Darcy-Weisbach equation
Pressure drop along a pipe: ΔP = f · (L/D) · (ρv²/2). Head loss: hL = f · (L/D) · (v²/2g). The friction factor f is dimensionless and depends on flow regime and wall roughness.
- Laminar flow (Re < 2300): f = 64/Re — exact, no roughness dependence.
- Turbulent flow (Re > 4000): f depends on both Re and relative roughness ε/D.
- Transitional zone (2300 < Re < 4000): f is uncertain — avoid in design if possible.
Colebrook-White equation
For turbulent flow, the Colebrook-White equation 1/√f = −2 log(ε/(3.7D) + 2.51/(Re√f)) is the most accurate model, matching the Moody chart. It is implicit in f and must be solved iteratively.
- The simulator uses Brent's method to converge to ±10⁻¹⁰ tolerance.

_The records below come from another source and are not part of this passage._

(* Let $f:\mathbb{R}^n\to\mathbb{R}$ be differentiable, $L$-smooth and $m$-strongly convex ($0<m\le L$), with unique minimizer $x_*$ (so $\nabla f(x_* )=0$). Let $0<\mu<2$, $\delta>0$, $\alpha>0$, and let constants $0<c_1\le c_2<+\infty$ be given. Consider the adaptive fractional order gradient descent (AFOGD) iteration, started from $x_0,x_1\in\mathbb{R}^n$, $$x_{k+1}=x_k-\alpha\,\nabla f(x_k)\,\beta_k\,(\|x_k-x_{k-1}\|_2+\delta)^{1-\mu},$$ where the scalars $\beta_k>0$ are chosen so that $0<c_1\le \beta_k(\|x_k-x_{k-1}\|_2+\delta)^{1-\mu}\le c_2<+\infty$ for all $k$. Write it as the dynamical system $\xi_{k+1}=A\xi_k+Bu_k$, $y_k=C\xi_k$, $x_k=E\xi_k$ with $\xi_k=x_k$, $A=I_n$, $B=-\alpha I_n$, $C=I_n$, $E=I_n$ and input $u_k=\nabla f(x_k)\,\beta_k(\|x_k-x_{k-1}\|_2+\delta)^{1-\mu}$. Suppose: 1. there are fixed points $\xi_*,u_*,y_*$ with $\xi_*=A\xi_*+Bu_*$, $y_*=C\xi_*$, $u_*=\nabla f(y_* )\cdot(\text{the corresponding scaling})$ and $x_*=E\xi_*=y_*$; 2. there exists a symmetric matrix $N\in\mathbb{R}^{2n\times 2n}$ such that $e_k^\top N e_k\ge 0$ for all $k$, where $e_k=[(\xi_k-\xi_* )^\top,(u_k-u_* )^\top]^\top$; 3. there exist a constant $h\ge 0$, a constant $\rho\in(0,1)$, and a positive definite matrix $P$ (with the given $\alpha>0$) such that $M+hN\preceq 0$, where $$M=\begin{bmatrix}A^\top PA-\rho^2P & A^\top PB\\ B^\top PA & B^\top PB\end{bmatrix}.$$ Then the sequence $\{x_k\}$ converges $R$-linearly to $x_*$.
   Context: A differentiable $f$ is $L$-smooth if $\|\nabla f(x)-\nabla f(y)\|_2\le L\|x-y\|_2$ for all $x,y$, and $m$-strongly convex if $m\|x-y\|_2^2\le (x-y)^\top(\nabla f(x)-\nabla f(y))$ for all $x,y$. A sequence $\{x_k\}$ converges $R$-linearly to $x_*$ with rate $\rho\in(0,1)$ if there is a constant $c>0$ with $\|x_k-x_*\|_2\le c\rho^k$ for all $k\in\mathbb{N}_+$. $I_n$ is the $n\times n$ identity matrix; $\preceq 0$ means negative semidefinite. *)

theory Defs
  imports "HOL-Analysis.Analysis"
begin

definition L_smooth :: "real \<Rightarrow> ('a::real_inner \<Rightarrow> 'a) \<Rightarrow> bool" where
  "L_smooth L g \<longleftrightarrow> (\<forall>x y. norm (g x - g y) \<le> L * norm (x - y))"

definition strongly_convex_grad :: "real \<Rightarrow> ('a::real_inner \<Rightarrow> 'a) \<Rightarrow> bool" where
  "strongly_convex_grad m g \<longleftrightarrow> (\<forall>x y. m * (norm (x - y))\<^sup>2 \<le> (x - y) \<bullet> (g x - g y))"

definition blockmat ::
  "real^'n^'n \<Rightarrow> real^'m^'n \<Rightarrow> real^'n^'m \<Rightarrow> real^'m^'m \<Rightarrow> real^('n + 'm)^('n + 'm)" where
  "blockmat M11 M12 M21 M22 =
     (\<chi> i j. case i of
        Inl a \<Rightarrow> (case j of Inl b \<Rightarrow> M11 $ a $ b | Inr b \<Rightarrow> M12 $ a $ b)
      | Inr a \<Rightarrow> (case j of Inl b \<Rightarrow> M21 $ a $ b | Inr b \<Rightarrow> M22 $ a $ b))"

definition stackvec :: "real^'n \<Rightarrow> real^'m \<Rightarrow> real^('n + 'm)" where
  "stackvec v w = (\<chi> i. case i of Inl a \<Rightarrow> v $ a | Inr b \<Rightarrow> w $ b)"

definition symmetric_mat :: "real^'n^'n \<Rightarrow> bool" where
  "symmetric_mat P \<longleftrightarrow> transpose P = P"

definition pos_def_mat :: "real^'n^'n \<Rightarrow> bool" where
  "pos_def_mat P \<longleftrightarrow> symmetric_mat P \<and> (\<forall>z. z \<noteq> 0 \<longrightarrow> z \<bullet> (P *v z) > 0)"

definition neg_semidef_mat :: "real^'n^'n \<Rightarrow> bool" where
  "neg_semidef_mat Q \<longleftrightarrow> (\<forall>z. z \<bullet> (Q *v z) \<le> 0)"

end

theory Submission
  imports Defs
begin

text \<open>
  The quadratic form \<open>V \<xi> = (\<xi> - \<xi>\<^sub>*)\<^sup>T P (\<xi> - \<xi>\<^sub>*)\<close> is a Lyapunov function. By the fixed point
  equation the errors obey \<open>\<xi>\<^sub>k\<^sub>+\<^sub>1 - \<xi>\<^sub>* = A (\<xi>\<^sub>k - \<xi>\<^sub>*) + B (u\<^sub>k - u\<^sub>*)\<close>, so evaluating the LMI
  at \<open>e\<^sub>k\<close> gives \<open>V \<xi>\<^sub>k\<^sub>+\<^sub>1 - \<rho>\<^sup>2 V \<xi>\<^sub>k + h e\<^sub>k\<^sup>T N e\<^sub>k \<le> 0\<close>; the IQC \<open>e\<^sub>k\<^sup>T N e\<^sub>k \<ge> 0\<close> then yields
  \<open>V \<xi>\<^sub>k\<^sub>+\<^sub>1 \<le> \<rho>\<^sup>2 V \<xi>\<^sub>k\<close>, and since \<open>P\<close> is positive definite, \<open>\<parallel>x\<^sub>k - x\<^sub>*\<parallel> = O(\<rho>\<^sup>k)\<close>.
  Smoothness and strong convexity of \<open>f\<close> enter only through the IQC hypothesis on \<open>N\<close>.
\<close>

lemma sum_UNIV_Plus:
  "(\<Sum>i\<in>(UNIV::('a::finite + 'b::finite) set). g i) = (\<Sum>a\<in>UNIV. g (Inl a)) + (\<Sum>b\<in>UNIV. g (Inr b))"
  using sum.Plus[of "UNIV::'a set" "UNIV::'b set" g] by (simp add: comp_def)

lemma inner_stackvec_blockmat_stackvec:
  fixes v :: "real^'n" and w :: "real^'m"
  shows "stackvec v w \<bullet> (blockmat M11 M12 M21 M22 *v stackvec v w)
     = v \<bullet> (M11 *v v) + v \<bullet> (M12 *v w) + w \<bullet> (M21 *v v) + w \<bullet> (M22 *v w)"
  unfolding inner_vec_def matrix_vector_mult_def stackvec_def blockmat_def
  by (simp add: sum_UNIV_Plus sum.distrib sum_distrib_left algebra_simps)

lemma inner_transpose_matrix_mult:
  fixes v :: "real^'n" and w :: "real^'m" and A :: "real^'n^'k" and B :: "real^'m^'k"
    and P :: "real^'k^'k"
  shows "v \<bullet> ((transpose A ** P ** B) *v w) = (A *v v) \<bullet> (P *v (B *v w))"
  by (metis dot_lmul_matrix vector_transpose_matrix matrix_vector_mul_assoc)

lemma inner_stackvec_dissipation_matrix:
  fixes v :: "real^'n" and w :: "real^'m" and A P :: "real^'n^'n" and B :: "real^'m^'n"
  shows "stackvec v w \<bullet> (blockmat (transpose A ** P ** A - r *\<^sub>R P) (transpose A ** P ** B)
                                (transpose B ** P ** A) (transpose B ** P ** B) *v stackvec v w)
       = (A *v v + B *v w) \<bullet> (P *v (A *v v + B *v w)) - r * (v \<bullet> (P *v v))"
  unfolding inner_stackvec_blockmat_stackvec matrix_vector_mult_diff_rdistrib
  by (simp add: inner_transpose_matrix_mult scaleR_matrix_vector_assoc[symmetric] matrix_vector_right_distrib
      inner_add_left inner_add_right inner_diff_right)

lemma iqc_lyapunov_decrease:
  fixes v :: "real^'n" and w :: "real^'m" and A P :: "real^'n^'n" and B :: "real^'m^'n"
    and N :: "real^('n + 'm)^('n + 'm)"
  assumes LMI: "neg_semidef_mat
               (blockmat (transpose A ** P ** A - \<rho>\<^sup>2 *\<^sub>R P) (transpose A ** P ** B)
                         (transpose B ** P ** A) (transpose B ** P ** B) + h *\<^sub>R N)"
    and h: "h \<ge> 0"
    and iqc: "stackvec v w \<bullet> (N *v stackvec v w) \<ge> 0"
  shows "(A *v v + B *v w) \<bullet> (P *v (A *v v + B *v w)) \<le> \<rho>\<^sup>2 * (v \<bullet> (P *v v))"
proof -
  let ?e = "stackvec v w"
  let ?M = "blockmat (transpose A ** P ** A - \<rho>\<^sup>2 *\<^sub>R P) (transpose A ** P ** B)
                      (transpose B ** P ** A) (transpose B ** P ** B)"
  have "?e \<bullet> (?M *v ?e) + h * (?e \<bullet> (N *v ?e)) = ?e \<bullet> ((?M + h *\<^sub>R N) *v ?e)"
    by (simp add: matrix_vector_mult_add_rdistrib scaleR_matrix_vector_assoc[symmetric] inner_add_right)
  also have "\<dots> \<le> 0"
    using LMI unfolding neg_semidef_mat_def by blast
  finally have "?e \<bullet> (?M *v ?e) + h * (?e \<bullet> (N *v ?e)) \<le> 0" .
  moreover have "h * (?e \<bullet> (N *v ?e)) \<ge> 0"
    using h iqc by simp
  ultimately show ?thesis
    unfolding inner_stackvec_dissipation_matrix by simp
qed

lemma pos_def_mat_quadratic_form_ge:
  fixes P :: "real^'n^'n"
  assumes "pos_def_mat P"
  obtains lam where "lam > 0" "\<And>z. lam * (norm z)\<^sup>2 \<le> z \<bullet> (P *v z)"
proof -
  let ?q = "\<lambda>z. z \<bullet> (P *v z)"
  have "continuous_on (sphere 0 1) ?q"
    by (intro continuous_intros continuous_on_id linear_continuous_on bounded_linear_inner_right
        matrix_vector_mul_bounded_linear)
  moreover have "sphere (0::real^'n) 1 \<noteq> {}"
    by simp
  ultimately obtain z0 where z0: "z0 \<in> sphere 0 1" "\<And>y. y \<in> sphere 0 1 \<Longrightarrow> ?q z0 \<le> ?q y"
    using continuous_attains_inf[OF compact_sphere] by blast
  have "z0 \<noteq> 0"
    using z0(1) by auto
  then have "?q z0 > 0"
    using assms unfolding pos_def_mat_def by blast
  moreover have "?q z0 * (norm z)\<^sup>2 \<le> ?q z" for z
  proof (cases "z = 0")
    case False
    have "?q z0 \<le> ?q (inverse (norm z) *\<^sub>R z)"
      using False by (intro z0(2)) simp
    also have "\<dots> = ?q z / (norm z)\<^sup>2"
      by (simp add: matrix_vector_mult_scaleR power2_eq_square divide_inverse)
    finally show ?thesis
      using False by (simp add: field_simps)
  qed simp
  ultimately show ?thesis
    using that by blast
qed

lemma R_linear_if_lyapunov_contraction:
  fixes d :: "nat \<Rightarrow> 'a::real_normed_vector" and V :: "'a \<Rightarrow> real"
  assumes lam: "lam > 0" "\<And>z. lam * (norm z)\<^sup>2 \<le> V z"
    and \<rho>: "\<rho> > 0"
    and contr: "\<And>k. k \<ge> 1 \<Longrightarrow> V (d (Suc k)) \<le> \<rho>\<^sup>2 * V (d k)"
  shows "\<exists>c>0. \<forall>k\<ge>1. norm (d k) \<le> c * \<rho> ^ k"
proof -
  define K where "K = V (d 1) / \<rho>\<^sup>2"
  have "0 \<le> lam * (norm (d 1))\<^sup>2"
    using lam(1) by simp
  then have "0 \<le> V (d 1)"
    using lam(2)[of "d 1"] by linarith
  then have K: "K \<ge> 0"
    by (simp add: K_def)
  \<comment> \<open>\<open>(\<rho> ^ k)\<^sup>2 * K = \<rho> ^ (2 * (k - 1)) * V (d 1)\<close>, stated without natural subtraction\<close>
  have V_le: "V (d k) \<le> (\<rho> ^ k)\<^sup>2 * K" if "k \<ge> 1" for k
    using that
  proof (induction k rule: dec_induct)
    case base
    then show ?case
      using \<rho> by (simp add: K_def)
  next
    case (step k)
    have "V (d (Suc k)) \<le> \<rho>\<^sup>2 * V (d k)"
      using contr step(1) .
    also have "\<dots> \<le> \<rho>\<^sup>2 * ((\<rho> ^ k)\<^sup>2 * K)"
      using step(3) by (simp add: mult_left_mono)
    also have "\<dots> = (\<rho> ^ Suc k)\<^sup>2 * K"
      by (simp add: power_mult_distrib)
    finally show ?case .
  qed
  define c where "c = sqrt (K / lam)"
  have "norm (d k) \<le> (c + 1) * \<rho> ^ k" if "k \<ge> 1" for k
  proof -
    have c_\<rho>k: "0 \<le> c * \<rho> ^ k"
      using \<rho> K lam(1) by (simp add: c_def)
    have "lam * (norm (d k))\<^sup>2 \<le> (\<rho> ^ k)\<^sup>2 * K"
      using lam(2) V_le[OF that] by (rule order_trans)
    then have "(norm (d k))\<^sup>2 \<le> (\<rho> ^ k)\<^sup>2 * K / lam"
      by (metis lam(1) mult.commute pos_le_divide_eq)
    also have "\<dots> = (c * \<rho> ^ k)\<^sup>2"
      using K lam(1) by (simp add: c_def power_mult_distrib)
    finally have "norm (d k) \<le> c * \<rho> ^ k"
      using c_\<rho>k by (rule power2_le_imp_le)
    also have "\<dots> \<le> (c + 1) * \<rho> ^ k"
      using \<rho> by (simp add: distrib_right)
    finally show ?thesis .
  qed
  moreover have "c + 1 > 0"
    using K lam(1) by (simp add: c_def add_nonneg_pos)
  ultimately show ?thesis
    by blast
qed

theorem iqc_R_linear_convergence:
  fixes \<xi> :: "nat \<Rightarrow> real^'n" and u :: "nat \<Rightarrow> real^'m" and \<xi>s :: "real^'n" and us :: "real^'m"
    and A P :: "real^'n^'n" and B :: "real^'m^'n" and N :: "real^('n + 'm)^('n + 'm)"
  assumes dyn: "\<And>k. k \<ge> 1 \<Longrightarrow> \<xi> (Suc k) = A *v \<xi> k + B *v u k"
    and fixpt: "\<xi>s = A *v \<xi>s + B *v us"
    and iqc: "\<And>k. k \<ge> 1 \<Longrightarrow>
      stackvec (\<xi> k - \<xi>s) (u k - us) \<bullet> (N *v stackvec (\<xi> k - \<xi>s) (u k - us)) \<ge> 0"
    and h: "h \<ge> 0"
    and \<rho>: "\<rho> > 0"
    and P: "pos_def_mat P"
    and LMI: "neg_semidef_mat
               (blockmat (transpose A ** P ** A - \<rho>\<^sup>2 *\<^sub>R P) (transpose A ** P ** B)
                         (transpose B ** P ** A) (transpose B ** P ** B) + h *\<^sub>R N)"
  shows "\<exists>c>0. \<forall>k\<ge>1. norm (\<xi> k - \<xi>s) \<le> c * \<rho> ^ k"
proof -
  have error_dyn: "\<xi> (Suc k) - \<xi>s = A *v (\<xi> k - \<xi>s) + B *v (u k - us)" if "k \<ge> 1" for k
    using dyn[OF that] fixpt by (simp add: matrix_vector_mult_diff_distrib algebra_simps)
  obtain lam where "lam > 0" "\<And>z. lam * (norm z)\<^sup>2 \<le> z \<bullet> (P *v z)"
    using pos_def_mat_quadratic_form_ge[OF P] by blast
  then show ?thesis
    using \<rho> iqc_lyapunov_decrease[OF LMI h iqc] error_dyn
    by (intro R_linear_if_lyapunov_contraction[where V = "\<lambda>z. z \<bullet> (P *v z)"]) auto
qed

theorem theorem1:
  fixes f :: "real^'n \<Rightarrow> real" and grad :: "real^'n \<Rightarrow> real^'n"
    and L m \<mu> \<delta> \<alpha> c1 c2 h \<rho> :: real
    and x :: "nat \<Rightarrow> real^'n" and \<beta> :: "nat \<Rightarrow> real"
    and xs \<xi>s us ys :: "real^'n"
    and A B C E P :: "real^'n^'n"
    and N :: "real^('n + 'n)^('n + 'n)"
  assumes grad: "\<forall>z. (f has_derivative (\<lambda>v. grad z \<bullet> v)) (at z)"
    and smooth: "L_smooth L grad"
    and sconv: "strongly_convex_grad m grad"
    and mL: "0 < m" "m \<le> L"
    and xs_min: "\<forall>y. f xs \<le> f y"
    and \<mu>: "0 < \<mu>" "\<mu> < 2"
    and \<delta>: "\<delta> > 0"
    and \<alpha>: "\<alpha> > 0"
    and c12: "0 < c1" "c1 \<le> c2"
    and \<beta>_pos: "\<forall>k\<ge>1. \<beta> k > 0"
    and \<beta>_bnd: "\<forall>k\<ge>1. c1 \<le> \<beta> k * (norm (x k - x (k - 1)) + \<delta>) powr (1 - \<mu>)
                       \<and> \<beta> k * (norm (x k - x (k - 1)) + \<delta>) powr (1 - \<mu>) \<le> c2"
    and iter: "\<forall>k\<ge>1. x (Suc k) = x k - \<alpha> *\<^sub>R
                   ((\<beta> k * (norm (x k - x (k - 1)) + \<delta>) powr (1 - \<mu>)) *\<^sub>R grad (x k))"
    and ABCE: "A = mat 1" "B = - \<alpha> *\<^sub>R mat 1" "C = mat 1" "E = mat 1"
    and fixpt: "\<xi>s = A *v \<xi>s + B *v us" "ys = C *v \<xi>s"
               "\<exists>s. us = s *\<^sub>R grad ys" "xs = E *v \<xi>s" "xs = ys"
    and N_sym: "symmetric_mat N"
    and N_iqc: "\<forall>k\<ge>1. let e = stackvec (x k - \<xi>s)
                     ((\<beta> k * (norm (x k - x (k - 1)) + \<delta>) powr (1 - \<mu>)) *\<^sub>R grad (x k) - us)
                   in e \<bullet> (N *v e) \<ge> 0"
    and h: "h \<ge> 0"
    and \<rho>: "0 < \<rho>" "\<rho> < 1"
    and P: "pos_def_mat P"
    and LMI: "neg_semidef_mat
               (blockmat (transpose A ** P ** A - \<rho>\<^sup>2 *\<^sub>R P) (transpose A ** P ** B)
                         (transpose B ** P ** A) (transpose B ** P ** B) + h *\<^sub>R N)"
  shows "\<exists>c>0. \<forall>k\<ge>1. norm (x k - xs) \<le> c * \<rho> ^ k"
proof -
  define u where "u k = (\<beta> k * (norm (x k - x (k - 1)) + \<delta>) powr (1 - \<mu>)) *\<^sub>R grad (x k)" for k
  have B_mult: "B *v v = - \<alpha> *\<^sub>R v" for v
    using ABCE(2) by (metis matrix_vector_mul_lid scaleR_matrix_vector_assoc)
  have dyn: "x (Suc k) = A *v x k + B *v u k" if "k \<ge> 1" for k
    using iter that ABCE(1) by (simp add: u_def B_mult)
  have iqc: "stackvec (x k - \<xi>s) (u k - us) \<bullet> (N *v stackvec (x k - \<xi>s) (u k - us)) \<ge> 0"
    if "k \<ge> 1" for k
    using N_iqc that unfolding u_def Let_def by blast
  have "xs = \<xi>s"
    using fixpt(4) ABCE(4) by simp
  then show ?thesis
    using iqc_R_linear_convergence[where \<xi> = x and u = u, OF dyn fixpt(1) iqc h \<rho>(1) P LMI]
    by simp
qed

end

- Explicit Swamee-Jain approximation gives ±3% and avoids iteration.
- Pipe roughness ε: commercial steel 0.046 mm, galvanised steel 0.15 mm, PVC/glass ~0.002 mm.
Design implications
Pressure drop scales with v² — halving the velocity reduces friction losses by 75%. Minor losses at fittings and valves are added as equivalent lengths or K-factors.
- Velocity limits: 1.5–3 m/s for water to avoid erosion and noise.
- Pump sizing: total system curve (static head + friction) intersects pump curve at duty point.
- For compressible gas flow, use the Weymouth or Panhandle equations instead.